▶ Problem to solve:
Using the data that follows, return exactly the lines from the one that contains "(D\<inverse>) \<longleftrightarrow> directed_forest" through the one that contains "by (simp add: rtrancl_converse[symmetric]", ends included.

Items listed in a dataset:
(* Consider the two "pruning relations" among directed graphs on vertex set $[n]$ (for distinct $i,j,k$): (Pruning V) $\{(i,j),(i,k)\} = \{(i,j),(j,k)\} - \{(i,k),(k,j)\}$, and (Pruning A) $\{(i,k),(j,k)\} = \{(i,j),(j,k)\} - \{(j,i),(i,k)\}$, whose left-hand term is called the join term. A multiple of one of these relations is obtained by adding the same set $E$ of additional directed edges to each of its three terms, such that none of the three resulting graphs contains a loop (a cycle of the underlying undirected multigraph, oriented or not). Then in every multiple of either pruning relation, the term built from the join term has defect strictly larger than the defect of each of the other two terms.
   Context: For a directed forest (a directed graph whose underlying undirected multigraph has no cycles), a pair of distinct vertices in the same connected component is unordered if there is no directed path of edges from one to the other. The defect of a tree is its number of unordered pairs of vertices, and the defect of a forest is the sum of the defects of its connected components. *)

theory Defs
  imports Main
begin

text \<open>A directed graph on vertex set [n] = {1..n} is a set of directed edges
  D :: (nat \<times> nat) set with D \<subseteq> {1..n} \<times> {1..n}.\<close>

definition joins :: "nat \<times> nat \<Rightarrow> nat \<Rightarrow> nat \<Rightarrow> bool" where
  "joins e u v \<longleftrightarrow> e = (u, v) \<or> e = (v, u)"

text \<open>Length 1 is a
  self-loop, length 2 a pair of antiparallel edges.\<close>
definition has_loop :: "(nat \<times> nat) set \<Rightarrow> bool" where
  "has_loop D \<longleftrightarrow> (\<exists>es vs. es \<noteq> [] \<and> length vs = length es \<and> distinct es \<and> distinct vs
      \<and> set es \<subseteq> D
      \<and> (\<forall>k < length es. joins (es ! k) (vs ! k) (vs ! ((k + 1) mod length es))))"

definition directed_forest :: "(nat \<times> nat) set \<Rightarrow> bool" where
  "directed_forest D \<longleftrightarrow> \<not> has_loop D"

definition same_component :: "(nat \<times> nat) set \<Rightarrow> nat \<Rightarrow> nat \<Rightarrow> bool" where
  "same_component D u v \<longleftrightarrow> (u, v) \<in> (D \<union> D\<inverse>)\<^sup>*"

definition unordered_pair :: "(nat \<times> nat) set \<Rightarrow> nat \<Rightarrow> nat \<Rightarrow> bool" where
  "unordered_pair D u v \<longleftrightarrow> u \<noteq> v \<and> same_component D u v
      \<and> (u, v) \<notin> D\<^sup>* \<and> (v, u) \<notin> D\<^sup>*"

text \<open>Defect of a directed forest on [n]: the number of unordered pairs of vertices
  (= sum over components of the defects of the component trees).\<close>
definition defect :: "nat \<Rightarrow> (nat \<times> nat) set \<Rightarrow> nat" where
  "defect n D = card {{u, v} | u v. u \<in> {1..n} \<and> v \<in> {1..n} \<and> unordered_pair D u v}"

text \<open>Terms of the pruning relations: (join term, first term, subtracted term).\<close>
definition pruningV :: "nat \<Rightarrow> nat \<Rightarrow> nat \<Rightarrow> (nat \<times> nat) set \<times> (nat \<times> nat) set \<times> (nat \<times> nat) set" where
  "pruningV i j k = ({(i,j),(i,k)}, {(i,j),(j,k)}, {(i,k),(k,j)})"

definition pruningA :: "nat \<Rightarrow> nat \<Rightarrow> nat \<Rightarrow> (nat \<times> nat) set \<times> (nat \<times> nat) set \<times> (nat \<times> nat) set" where
  "pruningA i j k = ({(i,k),(j,k)}, {(i,j),(j,k)}, {(j,i),(i,k)})"

end

(* Each non-join term X keeps one edge of the fork J and replaces the other by an edge
   between the two leaves of the fork (j and k for Pruning V, i and j for Pruning A).
   Every edge of J is a directed path in X, and every edge of X joins vertices of one
   component of J; so, after adding E, the components agree and every unordered pair of
   X + E is unordered in J + E.  The two leaves are unordered in the forest J + E, since a
   directed path between two out-neighbours of a vertex closes a cycle, but ordered in
   X + E, so the defect drops strictly.  Reversing all edges preserves defects and forests
   and turns in-forks into out-forks. *)

theory Submission
  imports Defs "HOL-Library.Transitive_Closure_Table"
begin

lemma rtrancl_path_successively:
  "rtrancl_path r x xs y \<Longrightarrow> successively r (x # xs) \<and> last (x # xs) = y"
  by (induction rule: rtrancl_path.induct) (auto simp: successively_Cons)

lemma rtrancl_distinct_path:
  assumes "(x, y) \<in> D\<^sup>*"
  obtains vs where "distinct (x # vs)" "successively (\<lambda>u v. (u, v) \<in> D) (x # vs)"
    "last (x # vs) = y"
proof -
  from assms have "(\<lambda>u v. (u, v) \<in> D)\<^sup>*\<^sup>* x y"
    unfolding rtrancl_def by simp
  then obtain xs where "rtrancl_path (\<lambda>u v. (u, v) \<in> D) x xs y"
    unfolding rtranclp_eq_rtrancl_path ..
  then obtain vs where path: "rtrancl_path (\<lambda>u v. (u, v) \<in> D) x vs y"
    and "distinct (x # vs)"
    by (rule rtrancl_path_distinct)
  have "successively (\<lambda>u v. (u, v) \<in> D) (x # vs)" "last (x # vs) = y"
    using rtrancl_path_successively[OF path] by simp_all
  with \<open>distinct (x # vs)\<close> show thesis
    by (rule that)
qed

lemma successively_zip_tl:
  "successively P xs \<Longrightarrow> (u, v) \<in> set (zip xs (tl xs)) \<Longrightarrow> P u v"
  by (auto simp: in_set_zip nth_tl successively_nth)

lemma has_loop_if_rtrancl_Diff_edge:
  assumes "e \<in> D" "(v, u) \<in> (D - {e})\<^sup>*" "joins e u v"
  shows "has_loop D"
proof -
  obtain ws where ws: "distinct (v # ws)" "successively (\<lambda>x y. (x, y) \<in> D - {e}) (v # ws)"
    "last (v # ws) = u"
    using assms(2) by (rule rtrancl_distinct_path)
  define vs where "vs = v # ws"
  define es where "es = zip vs (tl vs) @ [e]"
  have path_edges: "set (zip vs (tl vs)) \<subseteq> D - {e}"
    using ws(2) successively_zip_tl unfolding vs_def by fast
  have len: "length es = length vs"
    by (simp add: es_def vs_def)
  have "distinct (zip vs (tl vs))"
    using ws(1) by (simp add: vs_def distinct_zipI1)
  with path_edges have "distinct es"
    by (auto simp: es_def)
  moreover have "set es \<subseteq> D"
    using path_edges assms(1) by (auto simp: es_def)
  moreover have "\<forall>k < length es. joins (es ! k) (vs ! k) (vs ! ((k + 1) mod length es))"
  proof (intro allI impI)
    fix k
    assume "k < length es"
    then consider "k < length ws" | "k = length ws"
      using len by (fastforce simp: vs_def)
    then show "joins (es ! k) (vs ! k) (vs ! ((k + 1) mod length es))"
    proof cases
      case 1
      then show ?thesis
        using len by (simp add: es_def vs_def nth_append nth_tl joins_def)
    next
      case 2
      moreover have "vs ! length ws = u"
        using ws(3) last_conv_nth[of vs] by (simp add: vs_def)
      ultimately show ?thesis
        using assms(3) len by (simp add: es_def vs_def nth_append joins_def)
    qed
  qed
  moreover have "es \<noteq> []" "distinct vs"
    using ws(1) by (simp_all add: es_def vs_def)
  ultimately show ?thesis
    unfolding has_loop_def using len by (intro exI[of _ es] exI[of _ vs]) simp
qed

lemma rtrancl_Diff_edge_or_source:
  "(x, y) \<in> D\<^sup>* \<Longrightarrow> (x, y) \<in> (D - {(a, c)})\<^sup>* \<or> (x, a) \<in> (D - {(a, c)})\<^sup>*"
proof (induction rule: rtrancl_induct)
  case (step y z)
  show ?case
  proof (cases "(y, z) = (a, c)")
    case True
    with step.IH show ?thesis
      by simp
  next
    case False
    with step.hyps(2) have "(y, z) \<in> D - {(a, c)}"
      by simp
    with step.IH show ?thesis
      by (metis rtrancl_into_rtrancl)
  qed
qed simp

text \<open>A path from \<open>b\<close> to \<open>c\<close> either avoids the edge \<open>(a, c)\<close>, and then closes a loop
  with \<open>(a, b)\<close> and \<open>(a, c)\<close>, or it passes through \<open>a\<close>, and then its part up to \<open>a\<close>
  closes a loop with \<open>(a, b)\<close>.\<close>
lemma directed_forest_siblings_not_rtrancl:
  assumes "directed_forest D" "(a, b) \<in> D" "(a, c) \<in> D" "b \<noteq> c"
  shows "(b, c) \<notin> D\<^sup>*"
proof
  assume "(b, c) \<in> D\<^sup>*"
  then consider "(b, c) \<in> (D - {(a, c)})\<^sup>*" | "(b, a) \<in> (D - {(a, c)})\<^sup>*"
    using rtrancl_Diff_edge_or_source[of b c D a c] by blast
  then have "has_loop D"
  proof cases
    case 1
    have "(a, b) \<in> D - {(a, c)}"
      using assms(2,4) by simp
    from converse_rtrancl_into_rtrancl[OF this 1]
    have "(a, c) \<in> (D - {(a, c)})\<^sup>*" .
    with assms(3) show ?thesis
      by (rule has_loop_if_rtrancl_Diff_edge) (simp add: joins_def)
  next
    case 2
    have "(D - {(a, c)})\<^sup>* \<subseteq> D\<^sup>*"
      by (rule rtrancl_mono) blast
    with 2 have "(b, a) \<in> D\<^sup>*"
      by (rule rev_subsetD)
    then have "(b, a) \<in> (D - {(a, b)})\<^sup>*"
      using rtrancl_Diff_edge_or_source[of b a D a b] by simp
    with assms(2) show ?thesis
      by (rule has_loop_if_rtrancl_Diff_edge) (simp add: joins_def)
  qed
  with assms(1) show False
    by (simp add: directed_forest_def)
qed

lemma has_loop_converseI:
  assumes "has_loop D"
  shows "has_loop (D\<inverse>)"
proof -
  from assms obtain es vs where loop: "es \<noteq> []" "length vs = length es" "distinct es"
    "distinct vs" "set es \<subseteq> D"
    "\<forall>k < length es. joins (es ! k) (vs ! k) (vs ! ((k + 1) mod length es))"
    by (auto simp: has_loop_def)
  show ?thesis
    unfolding has_loop_def
    by (intro exI[of _ "map prod.swap es"] exI[of _ vs])
      (use loop in \<open>auto simp: distinct_map joins_def\<close>)
qed

lemma directed_forest_converse [simp]:
  "directed_forest (D\<inverse>) \<longleftrightarrow> directed_forest D"
  by (metis converse_converse directed_forest_def has_loop_converseI)

lemma same_component_sym:
  "same_component D u v \<Longrightarrow> same_component D v u"
  unfolding same_component_def
  by (metis converse_Un converse_converse rtrancl_converseI sup_commute)

lemma unordered_pair_commute:
  "unordered_pair D u v \<longleftrightarrow> unordered_pair D v u"
  by (auto simp: unordered_pair_def intro: same_component_sym)

lemma unordered_pair_converse [simp]:
  "unordered_pair (D\<inverse>) u v \<longleftrightarrow> unordered_pair D u v"
  by (auto simp: unordered_pair_def same_component_def rtrancl_converse Un_commute)

lemma defect_converse [simp]:
  "defect n (D\<inverse>) = defect n D"
  by (simp add: defect_def)

lemma same_component_if_edges_connected:
  assumes "D' \<subseteq> (D \<union> D\<inverse>)\<^sup>*" "same_component D' u v"
  shows "same_component D u v"
proof -
  have "((D \<union> D\<inverse>)\<^sup>*)\<inverse> = (D \<union> D\<inverse>)\<^sup>*"
    by (simp add: rtrancl_converse[symmetric] converse_Un Un_commute)
  with assms(1) have "D' \<union> D'\<inverse> \<subseteq> (D \<union> D\<inverse>)\<^sup>*"
    by blast
  then show ?thesis
    using assms(2) rtrancl_subset_rtrancl unfolding same_component_def by blast
qed

lemma unordered_pair_antimono:
  assumes "D \<subseteq> D'\<^sup>*" "D' \<subseteq> (D \<union> D\<inverse>)\<^sup>*" "unordered_pair D' u v"
  shows "unordered_pair D u v"
  using assms rtrancl_subset_rtrancl[OF assms(1)] same_component_if_edges_connected[OF assms(2)]
  unfolding unordered_pair_def by blast

lemma defect_less_if_fewer_unordered_pairs:
  assumes "\<And>u v. unordered_pair D' u v \<Longrightarrow> unordered_pair D u v"
    and "x \<in> {1..n}" "y \<in> {1..n}" "unordered_pair D x y" "\<not> unordered_pair D' x y"
  shows "defect n D' < defect n D"
proof -
  define pairs where
    "pairs G = {{u, v} | u v. u \<in> {1..n} \<and> v \<in> {1..n} \<and> unordered_pair G u v}" for G
  have "pairs D' \<subseteq> pairs D"
    using assms(1) by (auto simp: pairs_def)
  moreover have "{x, y} \<in> pairs D"
    using assms(2-4) by (auto simp: pairs_def)
  moreover have "{x, y} \<notin> pairs D'"
    using assms(5) by (auto simp: pairs_def doubleton_eq_iff unordered_pair_commute)
  moreover have "finite (pairs D)"
    by (rule finite_subset[of _ "(\<lambda>(u, v). {u, v}) ` ({1..n} \<times> {1..n})"])
      (auto simp: pairs_def)
  ultimately have "card (pairs D') < card (pairs D)"
    by (metis psubset_card_mono psubsetI)
  then show ?thesis
    by (simp add: defect_def pairs_def)
qed

lemma defect_path_less_out_fork:
  assumes "b \<in> {1..n}" "c \<in> {1..n}" "b \<noteq> c" "directed_forest ({(a, b), (a, c)} \<union> E)"
  shows "defect n ({(a, b), (b, c)} \<union> E) < defect n ({(a, b), (a, c)} \<union> E)"
proof (rule defect_less_if_fewer_unordered_pairs)
  let ?F = "{(a, b), (a, c)} \<union> E" and ?P = "{(a, b), (b, c)} \<union> E"
  have "(a, c) \<in> ?P\<^sup>*"
    using rtrancl_into_rtrancl[OF r_into_rtrancl, of a b ?P c] by simp
  then have "?F \<subseteq> ?P\<^sup>*"
    by auto
  have "(b, c) \<in> (?F \<union> ?F\<inverse>)\<^sup>*"
    using rtrancl_into_rtrancl[OF r_into_rtrancl, of b a "?F \<union> ?F\<inverse>" c] by simp
  then have "?P \<subseteq> (?F \<union> ?F\<inverse>)\<^sup>*"
    by auto
  with \<open>?F \<subseteq> ?P\<^sup>*\<close> show "unordered_pair ?F u v" if "unordered_pair ?P u v" for u v
    using that by (rule unordered_pair_antimono)
  from \<open>(b, c) \<in> (?F \<union> ?F\<inverse>)\<^sup>*\<close> show "unordered_pair ?F b c"
    using directed_forest_siblings_not_rtrancl[OF assms(4), of a b c]
      directed_forest_siblings_not_rtrancl[OF assms(4), of a c b] assms(3)
    unfolding unordered_pair_def same_component_def by auto
  show "\<not> unordered_pair ?P b c"
    by (auto simp: unordered_pair_def)
qed (fact assms)+

lemma defect_path_less_in_fork:
  assumes "a \<in> {1..n}" "b \<in> {1..n}" "a \<noteq> b" "directed_forest ({(a, c), (b, c)} \<union> E)"
  shows "defect n ({(a, b), (b, c)} \<union> E) < defect n ({(a, c), (b, c)} \<union> E)"
proof -
  have converse_fork: "({(a, c), (b, c)} \<union> E)\<inverse> = {(c, b), (c, a)} \<union> E\<inverse>"
    and converse_path: "({(a, b), (b, c)} \<union> E)\<inverse> = {(c, b), (b, a)} \<union> E\<inverse>"
    by auto
  have "directed_forest ({(c, b), (c, a)} \<union> E\<inverse>)"
    using assms(4) by (subst converse_fork[symmetric]) simp
  then have "defect n ({(c, b), (b, a)} \<union> E\<inverse>) < defect n ({(c, b), (c, a)} \<union> E\<inverse>)"
    using assms(1-3) by (intro defect_path_less_out_fork) auto
  then show ?thesis
    using converse_fork converse_path defect_converse by metis
qed

theorem lemma5p10:
  fixes n i j k :: nat and E :: "(nat \<times> nat) set"
    and R :: "(nat \<times> nat) set \<times> (nat \<times> nat) set \<times> (nat \<times> nat) set"
  assumes "i \<in> {1..n}" and "j \<in> {1..n}" and "k \<in> {1..n}"
    and "i \<noteq> j" and "i \<noteq> k" and "j \<noteq> k"
    and "R = pruningV i j k \<or> R = pruningA i j k"
    and "E \<subseteq> {1..n} \<times> {1..n}"
    and "R = (J, A, B)"
    and "directed_forest (J \<union> E)" and "directed_forest (A \<union> E)"
    and "directed_forest (B \<union> E)"
  shows "defect n (J \<union> E) > defect n (A \<union> E) \<and> defect n (J \<union> E) > defect n (B \<union> E)"
  \<comment> \<open>Only the join term needs to be a forest, and \<open>E\<close> need not lie in \<open>{1..n} \<times> {1..n}\<close>.\<close>
  using assms(7)
proof
  assume "R = pruningV i j k"
  then have "J = {(i, j), (i, k)}" "A = {(i, j), (j, k)}" "B = {(i, k), (k, j)}"
    using assms(9) by (simp_all add: pruningV_def)
  then show ?thesis
    using defect_path_less_out_fork[of j n k i E] defect_path_less_out_fork[of k n j i E] assms
    by (simp add: insert_commute)
next
  assume "R = pruningA i j k"
  then have "J = {(i, k), (j, k)}" "A = {(i, j), (j, k)}" "B = {(j, i), (i, k)}"
    using assms(9) by (simp_all add: pruningA_def)
  then show ?thesis
    using defect_path_less_in_fork[of i n j k E] defect_path_less_in_fork[of j n i k E] assms
    by (simp add: insert_commute)
qed

end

▶ Solved problem:
  "directed_forest (D\<inverse>) \<longleftrightarrow> directed_forest D"
  by (metis converse_converse directed_forest_def has_loop_converseI)

lemma same_component_sym:
  "same_component D u v \<Longrightarrow> same_component D v u"
  unfolding same_component_def
  by (metis converse_Un converse_converse rtrancl_converseI sup_commute)

lemma unordered_pair_commute:
  "unordered_pair D u v \<longleftrightarrow> unordered_pair D v u"
  by (auto simp: unordered_pair_def intro: same_component_sym)

lemma unordered_pair_converse [simp]:
  "unordered_pair (D\<inverse>) u v \<longleftrightarrow> unordered_pair D u v"
  by (auto simp: unordered_pair_def same_component_def rtrancl_converse Un_commute)

lemma defect_converse [simp]:
  "defect n (D\<inverse>) = defect n D"
  by (simp add: defect_def)

lemma same_component_if_edges_connected:
  assumes "D' \<subseteq> (D \<union> D\<inverse>)\<^sup>*" "same_component D' u v"
  shows "same_component D u v"
proof -
  have "((D \<union> D\<inverse>)\<^sup>*)\<inverse> = (D \<union> D\<inverse>)\<^sup>*"
    by (simp add: rtrancl_converse[symmetric] converse_Un Un_commute)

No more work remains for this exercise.